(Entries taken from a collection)
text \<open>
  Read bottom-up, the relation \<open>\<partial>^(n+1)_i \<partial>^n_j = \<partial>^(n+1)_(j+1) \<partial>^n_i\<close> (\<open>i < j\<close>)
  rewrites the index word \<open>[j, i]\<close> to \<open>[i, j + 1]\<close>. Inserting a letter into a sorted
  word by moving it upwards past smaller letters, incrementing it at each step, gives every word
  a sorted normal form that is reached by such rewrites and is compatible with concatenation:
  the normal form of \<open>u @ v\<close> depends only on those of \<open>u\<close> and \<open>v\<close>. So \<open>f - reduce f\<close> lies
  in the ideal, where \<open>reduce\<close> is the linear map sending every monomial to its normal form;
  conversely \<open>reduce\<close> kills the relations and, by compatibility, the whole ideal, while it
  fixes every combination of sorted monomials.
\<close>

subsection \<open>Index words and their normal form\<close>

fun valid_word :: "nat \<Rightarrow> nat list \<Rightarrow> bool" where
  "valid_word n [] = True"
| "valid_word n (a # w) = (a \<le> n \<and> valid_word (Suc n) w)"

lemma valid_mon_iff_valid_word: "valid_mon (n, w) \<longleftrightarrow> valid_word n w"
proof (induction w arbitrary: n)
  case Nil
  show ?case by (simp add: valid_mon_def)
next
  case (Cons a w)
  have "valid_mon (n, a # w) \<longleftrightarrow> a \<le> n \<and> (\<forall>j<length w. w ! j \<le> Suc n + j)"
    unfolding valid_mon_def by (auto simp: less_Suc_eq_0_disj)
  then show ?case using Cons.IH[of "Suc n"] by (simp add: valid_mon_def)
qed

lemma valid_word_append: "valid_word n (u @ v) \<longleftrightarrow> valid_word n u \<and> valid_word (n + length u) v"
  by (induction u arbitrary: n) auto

* * *

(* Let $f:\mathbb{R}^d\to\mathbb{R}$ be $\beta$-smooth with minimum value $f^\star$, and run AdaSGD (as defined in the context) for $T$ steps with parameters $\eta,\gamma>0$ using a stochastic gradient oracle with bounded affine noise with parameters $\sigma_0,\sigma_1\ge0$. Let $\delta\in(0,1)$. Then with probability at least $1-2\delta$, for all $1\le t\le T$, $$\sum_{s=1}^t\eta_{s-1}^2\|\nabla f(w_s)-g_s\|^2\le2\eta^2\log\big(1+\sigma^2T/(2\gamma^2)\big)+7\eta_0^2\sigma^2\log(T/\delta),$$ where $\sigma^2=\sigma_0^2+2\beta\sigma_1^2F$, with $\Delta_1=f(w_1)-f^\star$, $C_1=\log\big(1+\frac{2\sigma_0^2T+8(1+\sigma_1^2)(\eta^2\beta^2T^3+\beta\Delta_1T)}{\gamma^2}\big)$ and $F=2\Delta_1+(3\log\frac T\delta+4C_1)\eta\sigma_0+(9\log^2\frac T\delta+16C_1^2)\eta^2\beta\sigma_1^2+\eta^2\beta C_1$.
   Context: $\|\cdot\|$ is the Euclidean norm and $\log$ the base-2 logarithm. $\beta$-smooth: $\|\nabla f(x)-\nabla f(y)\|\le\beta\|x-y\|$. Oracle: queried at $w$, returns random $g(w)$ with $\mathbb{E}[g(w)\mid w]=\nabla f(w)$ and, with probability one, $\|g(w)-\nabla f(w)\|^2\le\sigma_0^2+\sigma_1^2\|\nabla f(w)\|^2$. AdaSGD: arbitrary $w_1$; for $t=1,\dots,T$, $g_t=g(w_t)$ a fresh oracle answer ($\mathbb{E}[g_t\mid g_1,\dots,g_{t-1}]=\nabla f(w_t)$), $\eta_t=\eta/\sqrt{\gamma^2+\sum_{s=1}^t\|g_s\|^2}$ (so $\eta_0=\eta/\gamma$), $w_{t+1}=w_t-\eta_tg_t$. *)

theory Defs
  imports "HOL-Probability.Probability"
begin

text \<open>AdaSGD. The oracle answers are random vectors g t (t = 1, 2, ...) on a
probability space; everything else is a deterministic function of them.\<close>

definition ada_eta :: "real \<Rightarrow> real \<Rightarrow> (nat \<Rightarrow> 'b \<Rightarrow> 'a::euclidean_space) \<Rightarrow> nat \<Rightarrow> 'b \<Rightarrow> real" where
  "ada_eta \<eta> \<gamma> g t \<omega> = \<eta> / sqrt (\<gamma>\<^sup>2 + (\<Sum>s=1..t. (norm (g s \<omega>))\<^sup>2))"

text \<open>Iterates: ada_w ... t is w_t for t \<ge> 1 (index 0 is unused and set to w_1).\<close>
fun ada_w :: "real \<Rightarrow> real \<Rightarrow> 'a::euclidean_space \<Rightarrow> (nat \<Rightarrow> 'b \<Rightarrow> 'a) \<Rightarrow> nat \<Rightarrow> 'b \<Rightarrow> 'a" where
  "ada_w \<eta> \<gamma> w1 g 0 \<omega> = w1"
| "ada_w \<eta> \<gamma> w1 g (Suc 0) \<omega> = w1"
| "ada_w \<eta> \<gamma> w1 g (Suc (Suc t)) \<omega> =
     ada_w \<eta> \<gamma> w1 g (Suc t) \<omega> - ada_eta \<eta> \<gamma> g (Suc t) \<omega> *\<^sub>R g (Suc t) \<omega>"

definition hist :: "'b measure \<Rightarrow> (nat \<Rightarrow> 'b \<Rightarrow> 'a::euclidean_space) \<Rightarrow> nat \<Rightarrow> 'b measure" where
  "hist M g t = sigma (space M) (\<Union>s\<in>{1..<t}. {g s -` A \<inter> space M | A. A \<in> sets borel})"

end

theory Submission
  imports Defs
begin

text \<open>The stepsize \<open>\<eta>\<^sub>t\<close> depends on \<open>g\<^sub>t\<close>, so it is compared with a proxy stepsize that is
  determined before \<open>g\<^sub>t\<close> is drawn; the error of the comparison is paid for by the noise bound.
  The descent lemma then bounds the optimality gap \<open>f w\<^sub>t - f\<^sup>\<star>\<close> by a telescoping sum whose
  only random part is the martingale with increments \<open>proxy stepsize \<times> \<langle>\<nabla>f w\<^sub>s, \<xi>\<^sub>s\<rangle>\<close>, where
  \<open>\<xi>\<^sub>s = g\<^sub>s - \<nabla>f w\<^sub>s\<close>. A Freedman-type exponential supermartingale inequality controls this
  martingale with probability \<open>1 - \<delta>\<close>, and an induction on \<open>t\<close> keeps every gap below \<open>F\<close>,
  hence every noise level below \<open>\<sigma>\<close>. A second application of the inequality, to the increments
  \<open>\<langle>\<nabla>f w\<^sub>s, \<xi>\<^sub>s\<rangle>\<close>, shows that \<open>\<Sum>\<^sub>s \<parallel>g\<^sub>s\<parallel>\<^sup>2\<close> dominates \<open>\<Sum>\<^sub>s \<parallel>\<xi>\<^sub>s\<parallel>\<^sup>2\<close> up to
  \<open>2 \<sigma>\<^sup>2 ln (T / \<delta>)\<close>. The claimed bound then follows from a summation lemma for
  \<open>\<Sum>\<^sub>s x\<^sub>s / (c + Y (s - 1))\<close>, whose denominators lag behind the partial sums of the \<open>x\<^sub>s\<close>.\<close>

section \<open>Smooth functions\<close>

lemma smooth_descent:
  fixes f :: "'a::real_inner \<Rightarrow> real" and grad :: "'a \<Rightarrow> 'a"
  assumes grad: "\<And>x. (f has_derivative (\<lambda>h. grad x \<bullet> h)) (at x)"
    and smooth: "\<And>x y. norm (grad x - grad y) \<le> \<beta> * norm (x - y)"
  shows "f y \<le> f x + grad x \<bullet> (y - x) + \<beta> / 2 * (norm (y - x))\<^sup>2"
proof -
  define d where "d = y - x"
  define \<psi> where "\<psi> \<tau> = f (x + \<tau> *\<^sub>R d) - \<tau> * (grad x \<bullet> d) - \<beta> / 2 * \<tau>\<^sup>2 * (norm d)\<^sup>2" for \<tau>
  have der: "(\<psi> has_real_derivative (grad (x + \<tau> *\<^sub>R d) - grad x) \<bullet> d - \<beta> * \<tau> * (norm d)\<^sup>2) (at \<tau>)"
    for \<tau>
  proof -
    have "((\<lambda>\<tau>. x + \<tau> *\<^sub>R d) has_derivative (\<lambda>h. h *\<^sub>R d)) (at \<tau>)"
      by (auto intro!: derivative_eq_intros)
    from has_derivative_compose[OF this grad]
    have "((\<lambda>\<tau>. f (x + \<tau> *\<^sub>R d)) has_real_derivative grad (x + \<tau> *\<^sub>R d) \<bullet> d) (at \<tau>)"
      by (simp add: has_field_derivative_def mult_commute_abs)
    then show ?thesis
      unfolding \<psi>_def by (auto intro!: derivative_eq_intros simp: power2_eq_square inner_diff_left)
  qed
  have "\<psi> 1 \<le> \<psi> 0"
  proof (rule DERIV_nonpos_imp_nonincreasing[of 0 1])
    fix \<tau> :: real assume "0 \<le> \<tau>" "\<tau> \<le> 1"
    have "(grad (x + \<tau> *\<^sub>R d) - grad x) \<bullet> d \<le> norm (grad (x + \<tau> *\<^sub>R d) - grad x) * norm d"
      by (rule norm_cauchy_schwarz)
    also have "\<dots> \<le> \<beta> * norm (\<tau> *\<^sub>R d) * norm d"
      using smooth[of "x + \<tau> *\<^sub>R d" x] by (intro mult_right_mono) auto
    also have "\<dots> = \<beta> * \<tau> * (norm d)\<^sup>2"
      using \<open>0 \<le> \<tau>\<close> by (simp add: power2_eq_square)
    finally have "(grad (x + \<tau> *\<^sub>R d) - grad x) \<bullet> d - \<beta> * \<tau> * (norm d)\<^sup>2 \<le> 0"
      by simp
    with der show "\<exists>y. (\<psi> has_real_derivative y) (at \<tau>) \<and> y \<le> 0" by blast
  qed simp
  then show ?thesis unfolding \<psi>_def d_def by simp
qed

--

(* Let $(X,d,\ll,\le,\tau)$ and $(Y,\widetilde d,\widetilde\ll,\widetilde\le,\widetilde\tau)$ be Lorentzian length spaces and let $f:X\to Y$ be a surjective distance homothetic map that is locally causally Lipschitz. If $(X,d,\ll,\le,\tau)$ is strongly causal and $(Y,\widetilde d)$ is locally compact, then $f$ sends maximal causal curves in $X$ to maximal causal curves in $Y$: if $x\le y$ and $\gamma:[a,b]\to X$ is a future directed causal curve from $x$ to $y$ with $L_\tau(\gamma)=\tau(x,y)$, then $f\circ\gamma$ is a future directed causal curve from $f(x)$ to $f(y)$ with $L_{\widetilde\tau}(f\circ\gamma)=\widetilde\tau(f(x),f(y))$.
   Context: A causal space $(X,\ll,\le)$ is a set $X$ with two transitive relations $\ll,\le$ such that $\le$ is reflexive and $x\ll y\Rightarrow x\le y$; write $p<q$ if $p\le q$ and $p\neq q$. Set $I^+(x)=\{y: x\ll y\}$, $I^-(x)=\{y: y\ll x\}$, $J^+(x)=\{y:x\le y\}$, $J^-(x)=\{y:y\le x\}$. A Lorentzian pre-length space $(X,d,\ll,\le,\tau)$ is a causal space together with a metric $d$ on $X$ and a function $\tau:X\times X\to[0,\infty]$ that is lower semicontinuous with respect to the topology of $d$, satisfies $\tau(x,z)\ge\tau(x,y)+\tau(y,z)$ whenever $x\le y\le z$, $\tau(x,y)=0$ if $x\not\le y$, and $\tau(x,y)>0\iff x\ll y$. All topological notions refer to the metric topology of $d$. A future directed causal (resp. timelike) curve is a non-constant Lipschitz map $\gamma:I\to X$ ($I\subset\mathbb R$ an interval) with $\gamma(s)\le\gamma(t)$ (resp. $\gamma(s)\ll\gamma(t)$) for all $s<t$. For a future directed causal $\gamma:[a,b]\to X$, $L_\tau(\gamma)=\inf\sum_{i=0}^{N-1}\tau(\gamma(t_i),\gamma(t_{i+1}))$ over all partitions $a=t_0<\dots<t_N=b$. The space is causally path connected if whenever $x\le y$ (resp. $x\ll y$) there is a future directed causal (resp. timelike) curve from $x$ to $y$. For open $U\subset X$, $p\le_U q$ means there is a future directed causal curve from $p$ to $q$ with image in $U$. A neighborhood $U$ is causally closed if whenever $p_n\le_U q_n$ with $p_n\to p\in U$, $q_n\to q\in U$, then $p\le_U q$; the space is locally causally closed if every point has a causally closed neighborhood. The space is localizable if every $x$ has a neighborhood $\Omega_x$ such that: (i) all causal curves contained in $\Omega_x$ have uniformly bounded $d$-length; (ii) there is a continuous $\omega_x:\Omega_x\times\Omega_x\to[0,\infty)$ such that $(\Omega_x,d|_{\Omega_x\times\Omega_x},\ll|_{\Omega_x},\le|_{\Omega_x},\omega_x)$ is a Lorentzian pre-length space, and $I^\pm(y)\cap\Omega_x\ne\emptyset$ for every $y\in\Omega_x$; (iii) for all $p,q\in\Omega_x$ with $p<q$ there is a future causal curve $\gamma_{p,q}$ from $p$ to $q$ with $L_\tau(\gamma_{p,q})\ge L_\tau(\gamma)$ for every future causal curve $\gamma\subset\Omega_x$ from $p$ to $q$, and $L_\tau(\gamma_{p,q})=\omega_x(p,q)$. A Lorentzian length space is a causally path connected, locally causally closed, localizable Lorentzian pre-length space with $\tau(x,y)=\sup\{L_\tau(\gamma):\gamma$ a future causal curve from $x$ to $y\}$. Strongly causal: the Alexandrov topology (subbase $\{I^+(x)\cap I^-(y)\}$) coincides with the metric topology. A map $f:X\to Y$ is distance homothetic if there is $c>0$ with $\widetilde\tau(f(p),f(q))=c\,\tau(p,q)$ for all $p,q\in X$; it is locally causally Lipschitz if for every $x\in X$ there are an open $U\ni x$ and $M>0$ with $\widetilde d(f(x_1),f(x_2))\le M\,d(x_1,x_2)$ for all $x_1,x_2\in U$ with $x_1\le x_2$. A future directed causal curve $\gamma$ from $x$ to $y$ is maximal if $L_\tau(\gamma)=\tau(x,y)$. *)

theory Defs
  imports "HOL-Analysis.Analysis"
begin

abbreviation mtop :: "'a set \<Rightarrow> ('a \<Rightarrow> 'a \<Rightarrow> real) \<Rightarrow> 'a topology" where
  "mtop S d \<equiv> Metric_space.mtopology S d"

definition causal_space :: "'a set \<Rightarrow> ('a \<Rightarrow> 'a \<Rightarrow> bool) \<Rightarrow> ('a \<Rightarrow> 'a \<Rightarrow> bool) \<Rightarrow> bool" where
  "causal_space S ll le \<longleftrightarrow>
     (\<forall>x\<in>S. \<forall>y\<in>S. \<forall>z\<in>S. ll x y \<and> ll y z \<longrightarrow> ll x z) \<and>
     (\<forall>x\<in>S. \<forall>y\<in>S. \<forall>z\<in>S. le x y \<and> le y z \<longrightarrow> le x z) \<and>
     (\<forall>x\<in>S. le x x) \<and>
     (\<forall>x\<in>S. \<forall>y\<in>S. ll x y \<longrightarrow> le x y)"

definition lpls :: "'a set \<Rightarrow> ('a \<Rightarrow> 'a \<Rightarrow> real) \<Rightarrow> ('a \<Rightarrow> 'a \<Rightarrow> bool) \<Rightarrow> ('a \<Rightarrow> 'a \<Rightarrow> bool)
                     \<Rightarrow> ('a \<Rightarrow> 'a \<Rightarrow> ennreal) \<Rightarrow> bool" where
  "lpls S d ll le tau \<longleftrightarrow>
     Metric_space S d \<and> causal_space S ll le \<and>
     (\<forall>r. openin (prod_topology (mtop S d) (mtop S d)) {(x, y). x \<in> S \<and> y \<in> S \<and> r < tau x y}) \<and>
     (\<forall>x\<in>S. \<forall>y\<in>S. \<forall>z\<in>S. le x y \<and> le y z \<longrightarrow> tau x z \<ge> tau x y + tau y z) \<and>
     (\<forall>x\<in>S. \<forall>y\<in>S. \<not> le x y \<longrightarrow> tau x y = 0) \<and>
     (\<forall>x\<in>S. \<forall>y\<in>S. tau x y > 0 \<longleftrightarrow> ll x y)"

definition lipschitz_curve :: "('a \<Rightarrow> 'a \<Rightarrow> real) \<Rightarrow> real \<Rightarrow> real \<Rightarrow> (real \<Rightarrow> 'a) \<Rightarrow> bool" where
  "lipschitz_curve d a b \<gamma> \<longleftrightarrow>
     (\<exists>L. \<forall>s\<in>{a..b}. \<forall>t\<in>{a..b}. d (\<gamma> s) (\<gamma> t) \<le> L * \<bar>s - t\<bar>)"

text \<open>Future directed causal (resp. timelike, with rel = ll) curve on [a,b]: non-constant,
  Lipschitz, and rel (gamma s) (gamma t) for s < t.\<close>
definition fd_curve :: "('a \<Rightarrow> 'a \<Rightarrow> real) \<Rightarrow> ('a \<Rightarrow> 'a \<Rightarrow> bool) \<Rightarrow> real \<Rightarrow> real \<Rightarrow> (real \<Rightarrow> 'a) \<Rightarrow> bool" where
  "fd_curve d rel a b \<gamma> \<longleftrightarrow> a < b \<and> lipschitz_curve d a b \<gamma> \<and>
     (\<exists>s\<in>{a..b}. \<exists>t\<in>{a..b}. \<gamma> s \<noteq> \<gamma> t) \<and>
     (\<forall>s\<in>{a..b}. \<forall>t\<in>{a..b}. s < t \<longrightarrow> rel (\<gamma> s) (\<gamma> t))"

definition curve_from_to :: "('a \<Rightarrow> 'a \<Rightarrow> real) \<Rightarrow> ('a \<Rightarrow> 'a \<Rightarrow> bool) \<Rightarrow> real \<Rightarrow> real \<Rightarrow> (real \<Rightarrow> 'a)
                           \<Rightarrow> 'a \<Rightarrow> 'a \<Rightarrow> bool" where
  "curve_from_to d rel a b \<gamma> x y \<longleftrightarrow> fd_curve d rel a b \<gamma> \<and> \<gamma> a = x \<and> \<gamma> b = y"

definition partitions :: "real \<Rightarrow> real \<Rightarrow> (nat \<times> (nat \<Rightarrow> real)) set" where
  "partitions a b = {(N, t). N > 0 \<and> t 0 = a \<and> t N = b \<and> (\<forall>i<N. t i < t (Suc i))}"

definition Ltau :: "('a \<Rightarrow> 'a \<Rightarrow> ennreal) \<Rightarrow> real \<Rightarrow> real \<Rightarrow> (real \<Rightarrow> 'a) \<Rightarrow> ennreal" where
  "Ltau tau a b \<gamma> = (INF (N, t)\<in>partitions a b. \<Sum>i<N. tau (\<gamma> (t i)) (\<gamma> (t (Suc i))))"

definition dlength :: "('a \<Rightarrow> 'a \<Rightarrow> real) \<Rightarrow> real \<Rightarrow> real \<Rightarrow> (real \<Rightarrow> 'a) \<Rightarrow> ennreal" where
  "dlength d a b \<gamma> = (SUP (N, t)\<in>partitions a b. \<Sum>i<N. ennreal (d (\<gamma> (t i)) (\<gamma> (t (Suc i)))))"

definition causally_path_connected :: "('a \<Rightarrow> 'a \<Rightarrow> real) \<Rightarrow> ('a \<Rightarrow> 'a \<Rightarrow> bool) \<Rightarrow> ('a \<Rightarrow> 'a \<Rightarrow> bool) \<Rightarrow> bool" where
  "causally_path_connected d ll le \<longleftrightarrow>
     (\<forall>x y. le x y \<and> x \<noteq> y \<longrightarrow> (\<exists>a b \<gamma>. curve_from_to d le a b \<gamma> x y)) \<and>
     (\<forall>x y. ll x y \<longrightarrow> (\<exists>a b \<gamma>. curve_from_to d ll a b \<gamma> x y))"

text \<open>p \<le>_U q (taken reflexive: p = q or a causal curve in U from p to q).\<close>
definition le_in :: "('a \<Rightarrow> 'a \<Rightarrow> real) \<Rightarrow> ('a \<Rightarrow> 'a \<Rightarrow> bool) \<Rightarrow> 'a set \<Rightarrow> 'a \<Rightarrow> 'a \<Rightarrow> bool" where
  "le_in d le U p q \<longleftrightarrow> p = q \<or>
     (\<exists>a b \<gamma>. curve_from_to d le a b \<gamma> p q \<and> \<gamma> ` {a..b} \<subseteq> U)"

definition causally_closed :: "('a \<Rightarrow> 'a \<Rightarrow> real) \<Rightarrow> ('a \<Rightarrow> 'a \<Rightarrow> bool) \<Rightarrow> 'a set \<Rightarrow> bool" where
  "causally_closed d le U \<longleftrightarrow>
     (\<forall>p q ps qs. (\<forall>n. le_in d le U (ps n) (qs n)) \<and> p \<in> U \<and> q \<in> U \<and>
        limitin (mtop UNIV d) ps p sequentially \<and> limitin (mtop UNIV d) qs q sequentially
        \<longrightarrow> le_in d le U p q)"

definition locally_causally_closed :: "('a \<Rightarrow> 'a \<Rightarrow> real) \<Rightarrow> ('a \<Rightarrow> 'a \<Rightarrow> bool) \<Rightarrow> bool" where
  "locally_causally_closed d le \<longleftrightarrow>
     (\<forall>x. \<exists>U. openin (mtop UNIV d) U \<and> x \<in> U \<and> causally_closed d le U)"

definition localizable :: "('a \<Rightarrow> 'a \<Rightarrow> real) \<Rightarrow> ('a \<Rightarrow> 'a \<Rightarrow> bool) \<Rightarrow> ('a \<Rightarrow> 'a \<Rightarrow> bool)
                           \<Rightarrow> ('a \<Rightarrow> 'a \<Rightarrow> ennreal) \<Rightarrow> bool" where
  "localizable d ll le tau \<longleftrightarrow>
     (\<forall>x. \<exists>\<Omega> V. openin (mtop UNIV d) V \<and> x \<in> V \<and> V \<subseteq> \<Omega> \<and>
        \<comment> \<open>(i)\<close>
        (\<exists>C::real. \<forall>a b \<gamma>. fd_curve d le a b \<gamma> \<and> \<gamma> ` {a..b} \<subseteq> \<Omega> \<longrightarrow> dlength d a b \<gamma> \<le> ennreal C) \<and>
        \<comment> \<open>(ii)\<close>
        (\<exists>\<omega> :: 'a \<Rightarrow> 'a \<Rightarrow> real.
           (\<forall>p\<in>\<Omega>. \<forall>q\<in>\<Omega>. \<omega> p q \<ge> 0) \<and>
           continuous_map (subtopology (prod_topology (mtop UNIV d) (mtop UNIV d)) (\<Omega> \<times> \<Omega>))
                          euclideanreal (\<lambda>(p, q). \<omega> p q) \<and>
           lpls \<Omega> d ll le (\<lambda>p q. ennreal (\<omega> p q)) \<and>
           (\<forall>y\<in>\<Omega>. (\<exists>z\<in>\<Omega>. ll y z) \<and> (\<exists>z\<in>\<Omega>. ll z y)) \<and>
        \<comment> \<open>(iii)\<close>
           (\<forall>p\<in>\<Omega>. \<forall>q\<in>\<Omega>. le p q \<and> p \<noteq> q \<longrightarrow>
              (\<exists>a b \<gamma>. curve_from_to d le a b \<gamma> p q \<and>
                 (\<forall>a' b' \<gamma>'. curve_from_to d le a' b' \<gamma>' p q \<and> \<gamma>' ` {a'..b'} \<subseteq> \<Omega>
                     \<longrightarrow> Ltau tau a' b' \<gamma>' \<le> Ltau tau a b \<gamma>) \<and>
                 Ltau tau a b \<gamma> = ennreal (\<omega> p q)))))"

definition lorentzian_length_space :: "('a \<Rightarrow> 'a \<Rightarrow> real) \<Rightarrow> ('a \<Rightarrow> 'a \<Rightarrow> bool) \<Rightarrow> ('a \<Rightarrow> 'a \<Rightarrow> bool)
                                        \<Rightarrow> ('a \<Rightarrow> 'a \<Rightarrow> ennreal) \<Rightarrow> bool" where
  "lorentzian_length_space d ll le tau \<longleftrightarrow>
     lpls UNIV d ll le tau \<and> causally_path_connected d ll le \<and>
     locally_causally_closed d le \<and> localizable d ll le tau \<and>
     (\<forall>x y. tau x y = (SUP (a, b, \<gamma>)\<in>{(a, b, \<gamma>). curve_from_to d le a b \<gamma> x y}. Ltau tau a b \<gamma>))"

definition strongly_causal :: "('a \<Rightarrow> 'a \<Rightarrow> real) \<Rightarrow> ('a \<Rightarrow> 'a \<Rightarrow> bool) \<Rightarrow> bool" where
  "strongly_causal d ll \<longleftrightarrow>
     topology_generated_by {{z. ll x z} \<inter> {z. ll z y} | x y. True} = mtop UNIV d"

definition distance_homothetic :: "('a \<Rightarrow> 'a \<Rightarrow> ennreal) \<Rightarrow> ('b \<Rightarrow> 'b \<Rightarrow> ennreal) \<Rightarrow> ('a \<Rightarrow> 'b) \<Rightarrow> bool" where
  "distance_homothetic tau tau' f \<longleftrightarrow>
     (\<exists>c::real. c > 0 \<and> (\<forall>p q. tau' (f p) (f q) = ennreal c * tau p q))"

:: Task instructions ::
Write down, word for word, the lines above from the one containing "(nat \<times> (nat" through the one containing "ennreal) \<Rightarrow> real", both ends included.

:: Problem solution ::
definition partitions :: "real \<Rightarrow> real \<Rightarrow> (nat \<times> (nat \<Rightarrow> real)) set" where
  "partitions a b = {(N, t). N > 0 \<and> t 0 = a \<and> t N = b \<and> (\<forall>i<N. t i < t (Suc i))}"

definition Ltau :: "('a \<Rightarrow> 'a \<Rightarrow> ennreal) \<Rightarrow> real \<Rightarrow> real \<Rightarrow> (real \<Rightarrow> 'a) \<Rightarrow> ennreal" where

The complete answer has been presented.